These results clearly indicate that the Golgi complex localizes mainly behind the nucleus in Bsc1 cells that migrate on thin linear patterns. The larger the migrating path, the more often the Golgi is located ahead of the nucleus. This clearly shows that the position of the Golgi complex directly depends on the geometrical constraints imposed to the migrating cells.

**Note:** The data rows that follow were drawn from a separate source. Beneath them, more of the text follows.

lemma grid_lower_cdf_tendsto:
  assumes "isCont F t" shows "(\<lambda>n. grid_lower_cdf a b F (Suc n) t) \<longlonglongrightarrow> F t"
proof (cases "a \<le> t \<and> t < b")
  case True
  define u where "u n = grid_point a b (Suc n) (grid_index a b (Suc n) t)" for n
  have u: "u n \<le> t" "t - (b - a) / real (Suc n) \<le> u n" for n
    using True less_grid_point_Suc_index[OF ab, of "Suc n" t] grid_point_index_le[OF ab, of "Suc n" t]
    by (auto simp: u_def grid_point_Suc)
  have "\<bar>u n - t\<bar> \<le> (b - a) / real (Suc n)" for n
    using u[of n] unfolding abs_le_iff by linarith
  then have "u \<longlonglongrightarrow> t" by (rule LIMSEQ_if_close) simp
  then have Fu: "(\<lambda>n. F (u n)) \<longlonglongrightarrow> F t"
    using assms by (rule isCont_tendsto_compose[rotated])
  show ?thesis
  proof (rule LIMSEQ_if_close[OF _ Fu, of _ 1])
    fix n
    have "grid_lower_cdf a b F (Suc n) t = round_down (Suc n) (F (u n))"
      using True by (simp add: grid_lower_cdf_def grid_step_def u_def)
    then show "\<bar>grid_lower_cdf a b F (Suc n) t - F (u n)\<bar> \<le> 1 / real (Suc n)"
      using round_down_le[of "Suc n" "F (u n)"] round_down_ge[of "Suc n" "F (u n)"] by simp
  qed
qed (use ab interval_cdf_outside[OF F] in \<open>auto simp: grid_lower_cdf_def grid_step_def\<close>)

end

section \<open>Uniform Levy bounds along a weakly convergent sequence\<close>

definition levy_close :: "(real \<Rightarrow> real) \<Rightarrow> (real \<Rightarrow> real) \<Rightarrow> real \<Rightarrow> bool" where
  "levy_close F G \<delta> \<longleftrightarrow> (\<forall>t. G (t - \<delta>) - \<delta> \<le> F t \<and> F t \<le> G (t + \<delta>) + \<delta>)"

lemma levy_close_1:
  assumes "interval_cdf a b F" "interval_cdf a b G" shows "levy_close F G 1"
  using assms interval_cdf_nonneg interval_cdf_le_1 unfolding levy_close_def by (smt (verit))

lemma tendsto_integral_cts_step:
  assumes lim: "limitin (weak_top a b) L M sequentially"
    and L: "\<And>n. L n \<in> Delta a b" and M: "M \<in> Delta a b" and xy: "x < y"
  shows "(\<lambda>n. \<integral>z. cts_step x y z \<partial>real_law (L n)) \<longlonglongrightarrow> (\<integral>z. cts_step x y z \<partial>real_law M)"
proof -
  have cont: "continuous_on UNIV (cts_step x y)"
    by (rule uniformly_continuous_imp_continuous[OF cts_step_uniformly_continuous[OF xy]])
  then have "cts_step x y \<in> borel_measurable borel" by (rule borel_measurable_continuous_onI)
  then show ?thesis
    using limitin_weak_topD[OF lim continuous_on_subset[OF cont]]
    by (simp add: integral_real_law[OF L] integral_real_law[OF M])
qed
(* Let $W_{\mathfrak{krv}}=\nu(V_{\mathfrak{krv}})$. Then $W_{\mathfrak{krv}}$ is closed under the Poisson bracket $\{f,g\}=[f,g]+d_f(g)-d_g(f)$ and is a Lie algebra under it.
   Context: Let $\mathfrak{lie}_2$ be the degree-completed free Lie algebra over $\mathbb{Q}$ on $x,y$ inside $\mathrm{Ass}_2=\mathbb{Q}\langle\langle x,y\rangle\rangle$; write $f=c+f_xx+f_yy$. For $a,b\in\mathfrak{lie}_2$ ($a$ without linear $x$-term, $b$ without linear $y$-term), $E_{a,b}$ is the derivation $x\mapsto[x,a]$, $y\mapsto[y,b]$; $\mathfrak{sder}_2$ consists of those with $[x,a]+[y,b]=0$. With $\mathrm{tr}$ the projection of $\mathrm{Ass}_2$ onto its quotient by cyclic permutation of words and $\mathrm{div}(E_{a,b})=\mathrm{tr}(a_xx+b_yy)$, $\mathfrak{krv}$ is the weight-$\ge3$ part of the Lie algebra of $E_{a,b}\in\mathfrak{sder}_2$ with $\mathrm{div}(E_{a,b})=\mathrm{tr}(h(x+y)-h(x)-h(y))$ for some one-variable power series $h$ of degree $\ge2$. $V_{\mathfrak{krv}}$ is the space of $b$ such that $E_{a,b}\in\mathfrak{krv}$ for some $a$ (the map $E_{a,b}\mapsto b$ being a linear isomorphism $\mathfrak{krv}\to V_{\mathfrak{krv}}$). $\nu$ is the automorphism of $\mathrm{Ass}_2$ with $\nu(x)=-x-y$, $\nu(y)=y$. For $f\in\mathfrak{lie}_2$, $d_f$ is the derivation with $d_f(x)=0$, $d_f(y)=[y,f]$. *)

theory Defs
  imports Complex_Main "HOL-Library.Function_Algebras"
begin

text \<open>Elements of the completed free associative algebra Ass_2 = Q<<x,y>> are
  represented as arbitrary coefficient functions on words in the letters x, y
  (no finiteness condition = degree completion). Addition, subtraction, zero and
  finite sums are the pointwise ones (from Function_Algebras); the algebra
  product is smul (concatenation product), NOT the pointwise times.\<close>

datatype letter = X | Y

type_synonym ser = "letter list \<Rightarrow> rat"

definition ssc :: "rat \<Rightarrow> ser \<Rightarrow> ser" where
  "ssc c f = (\<lambda>w. c * f w)"

definition smul :: "ser \<Rightarrow> ser \<Rightarrow> ser" where
  "smul f g = (\<lambda>w. \<Sum>k\<le>length w. f (take k w) * g (drop k w))"

definition sbr :: "ser \<Rightarrow> ser \<Rightarrow> ser" where
  "sbr f g = smul f g - smul g f"

definition word :: "letter list \<Rightarrow> ser" where
  "word u = (\<lambda>v. if v = u then 1 else 0)"

definition one :: ser where "one = word []"

definition gen :: "letter \<Rightarrow> ser" where
  "gen l = word [l]"

inductive_set lie_poly :: "ser set" where
  gen_in: "gen l \<in> lie_poly"
| add_in: "f \<in> lie_poly \<Longrightarrow> g \<in> lie_poly \<Longrightarrow> f + g \<in> lie_poly"
| sc_in: "f \<in> lie_poly \<Longrightarrow> ssc c f \<in> lie_poly"
| br_in: "f \<in> lie_poly \<Longrightarrow> g \<in> lie_poly \<Longrightarrow> sbr f g \<in> lie_poly"

definition homog :: "nat \<Rightarrow> ser \<Rightarrow> ser" where
  "homog n f = (\<lambda>w. if length w = n then f w else 0)"

definition lie2 :: "ser set" where
  "lie2 = {f. \<forall>n. homog n f \<in> lie_poly}"

text \<open>For f = c + f_x x + f_y y, rcoef f l is f_l.\<close>
definition rcoef :: "ser \<Rightarrow> letter \<Rightarrow> ser" where
  "rcoef f l = (\<lambda>w. f (w @ [l]))"

text \<open>Continuous derivation of Ass_2 with prescribed values on the letters
  (values without constant term, so the defining sum is finite coefficientwise).\<close>
definition der_word :: "(letter \<Rightarrow> ser) \<Rightarrow> letter list \<Rightarrow> ser" where
  "der_word \<delta> u = (\<Sum>i<length u. smul (smul (word (take i u)) (\<delta> (u ! i))) (word (drop (Suc i) u)))"

definition der :: "(letter \<Rightarrow> ser) \<Rightarrow> ser \<Rightarrow> ser" where
  "der \<delta> f = (\<lambda>v. \<Sum>u\<in>{u. length u \<le> length v}. f u * der_word \<delta> u v)"

text \<open>Continuous algebra endomorphism with prescribed values on the letters
  (values without constant term).\<close>
definition subst_word :: "(letter \<Rightarrow> ser) \<Rightarrow> letter list \<Rightarrow> ser" where
  "subst_word \<sigma> u = foldr (\<lambda>l acc. smul (\<sigma> l) acc) u one"

definition subst :: "(letter \<Rightarrow> ser) \<Rightarrow> ser \<Rightarrow> ser" where
  "subst \<sigma> f = (\<lambda>v. \<Sum>u\<in>{u. length u \<le> length v}. f u * subst_word \<sigma> u v)"

definition nu :: "ser \<Rightarrow> ser" where
  "nu = subst (\<lambda>l. case l of X \<Rightarrow> - gen X - gen Y | Y \<Rightarrow> gen Y)"

definition E :: "ser \<Rightarrow> ser \<Rightarrow> ser \<Rightarrow> ser" where
  "E a b = der (\<lambda>l. case l of X \<Rightarrow> sbr (gen X) a | Y \<Rightarrow> sbr (gen Y) b)"

definition d :: "ser \<Rightarrow> ser \<Rightarrow> ser" where
  "d f = der (\<lambda>l. case l of X \<Rightarrow> 0 | Y \<Rightarrow> sbr (gen Y) f)"

text \<open>tr: projection to the quotient by cyclic permutation of words; the class
  of f is represented by the function assigning to each word w the sum of the
  coefficients of f over the cyclic class of w.\<close>
definition trace :: "ser \<Rightarrow> ser" where
  "trace f = (\<lambda>w. \<Sum>v\<in>{rotate k w | k. True}. f v)"

definition divE :: "ser \<Rightarrow> ser \<Rightarrow> ser" where
  "divE a b = trace (smul (rcoef a X) (gen X) + smul (rcoef b Y) (gen Y))"

definition spow :: "ser \<Rightarrow> nat \<Rightarrow> ser" where
  "spow g n = (smul g ^^ n) one"

text \<open>Evaluation of a one-variable power series h = sum_n h_n t^n at g (g without constant term).\<close>
definition peval :: "(nat \<Rightarrow> rat) \<Rightarrow> ser \<Rightarrow> ser" where
  "peval h g = (\<lambda>v. \<Sum>n\<le>length v. h n * spow g n v)"
(* Let $\mathcal F$ be a proper filter on $\omega$ and consider the game $\mathfrak G(\mathrm{Fr},\omega,\mathcal F^+)$. Then (1) player I has a winning strategy if and only if $\mathcal F$ is not a weak Q-filter; (2) player II has a winning strategy if and only if $\mathcal F$ is $\omega$-diagonalizable.
   Context: A filter on $\omega$ is a family $\mathcal F\subseteq\mathcal P(\omega)$ closed under finite intersections and supersets and containing all cofinite sets; it is proper if all its members are infinite. $\mathcal F^+=\{X\subseteq\omega:\omega\setminus X\notin\mathcal F\}$. $\mathrm{Fr}$ is the family of cofinite subsets of $\omega$. $X\subseteq^*Y$ means $X\setminus Y$ is finite. Game $\mathfrak G(\mathcal X,\omega,\mathcal Z)$ (for $\mathcal X,\mathcal Z\subseteq\mathcal P(\omega)$): at each stage $k\in\omega$, player I chooses $X_k\in\mathcal X$ and player II responds with $n_k\in X_k$; II wins the play if $\{n_k:k\in\omega\}\in\mathcal Z$, otherwise I wins. $\mathcal F$ is a weak Q-filter if for every partition of $\omega$ into finite sets $\langle s_k:k\in\omega\rangle$ there is $X\in\mathcal F^+$ with $|X\cap s_k|\le1$ for all $k$. $\mathcal F$ is $\omega$-diagonalizable if there are infinite sets $X_n\subseteq\omega$ ($n\in\omega$) such that for every $Y\in\mathcal F$ there is $n$ with $X_n\subseteq^*Y$. *)

theory Defs
  imports Main
begin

The rearward position of the Golgi complex is maintained during directional changes
Using video microscopy, we then investigated the Golgi complex positioning when cells switch their migration direction. We followed 39 cells that had been transfected with a nuclear marker and a Golgi marker. Of those cells, 35 showed a rear location of the the Golgi complex, two a middle position and two a front position of the Golgi complex (Fig. 4A). Migrating cells follow a persistent random walk movement defined by both cell speed and directional persistence time. Persistence characterizes the average time between significant changes in the direction of migration (Dunn, 1983; Gail and Boone, 1970; Othmer et al., 1988). However, in our cases, as cells followed the fibronectin line, the persistence time is very long because the cells change direction only when encountering another cell that moves in the opposite direction, or when reaching the end of the line (Fig. 4C-E, supplementary material Movie 3). This occurs in 15 out of 39 cells. Regardless of whether the Golgi complex was initially positioned behind (n=11), in the perinuclear region (n=3) or in front of the cell (n=1), the Golgi relocates at the rear after directional change (Fig. 4B). Therefore, we conclude that the rear location of the Golgi complex is maintained by an active mechanism and not by a random distribution on either side of the nucleus during spreading.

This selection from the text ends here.